Problem statement
Give the records once more, exactly as they stand.

(Dataset records begins)

theorem proposition6p1:
  fixes p :: "nat \<Rightarrow> 'a::euclidean_space" and n :: nat
  assumes inj: "inj_on p {..<n}"
    and span: "affine hull (p ` {..<n}) = UNIV"
  shows "image_M p n \<subseteq> kernel_Delta p n \<and>
         ((\<exists>S. S \<subseteq> {..<n} \<and> card S = DIM('a) \<and> \<not> affine_dependent (p ` S) \<and>
            (\<forall>i<n. p i \<in> affine hull (p ` S) \<longrightarrow> i \<in> S))
         \<longrightarrow> image_M p n = kernel_Delta p n)"
proof (intro conjI impI)
  show sub: "image_M p n \<subseteq> kernel_Delta p n" using inj by (rule image_M_subset_kernel_Delta)
  assume "\<exists>S. S \<subseteq> {..<n} \<and> card S = DIM('a) \<and> \<not> affine_dependent (p ` S) \<and>
            (\<forall>i<n. p i \<in> affine hull (p ` S) \<longrightarrow> i \<in> S)"
  then obtain S where S: "S \<subseteq> {..<n}" "card S = DIM('a)" "\<not> affine_dependent (p ` S)"
    and off_hull: "\<forall>q\<in>{..<n} - S. p q \<notin> affine hull (p ` S)"
    by auto
  show "image_M p n = kernel_Delta p n"
    using sub kernel_Delta_subset_image_M[OF inj S off_hull] by (rule antisym)
qed

end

(Dataset records ends)

Exercise result
theorem proposition6p1:
  fixes p :: "nat \<Rightarrow> 'a::euclidean_space" and n :: nat
  assumes inj: "inj_on p {..<n}"
    and span: "affine hull (p ` {..<n}) = UNIV"
  shows "image_M p n \<subseteq> kernel_Delta p n \<and>
         ((\<exists>S. S \<subseteq> {..<n} \<and> card S = DIM('a) \<and> \<not> affine_dependent (p ` S) \<and>
            (\<forall>i<n. p i \<in> affine hull (p ` S) \<longrightarrow> i \<in> S))
         \<longrightarrow> image_M p n = kernel_Delta p n)"
proof (intro conjI impI)
  show sub: "image_M p n \<subseteq> kernel_Delta p n" using inj by (rule image_M_subset_kernel_Delta)
  assume "\<exists>S. S \<subseteq> {..<n} \<and> card S = DIM('a) \<and> \<not> affine_dependent (p ` S) \<and>
            (\<forall>i<n. p i \<in> affine hull (p ` S) \<longrightarrow> i \<in> S)"
  then obtain S where S: "S \<subseteq> {..<n}" "card S = DIM('a)" "\<not> affine_dependent (p ` S)"
    and off_hull: "\<forall>q\<in>{..<n} - S. p q \<notin> affine hull (p ` S)"
    by auto
  show "image_M p n = kernel_Delta p n"
    using sub kernel_Delta_subset_image_M[OF inj S off_hull] by (rule antisym)
qed

end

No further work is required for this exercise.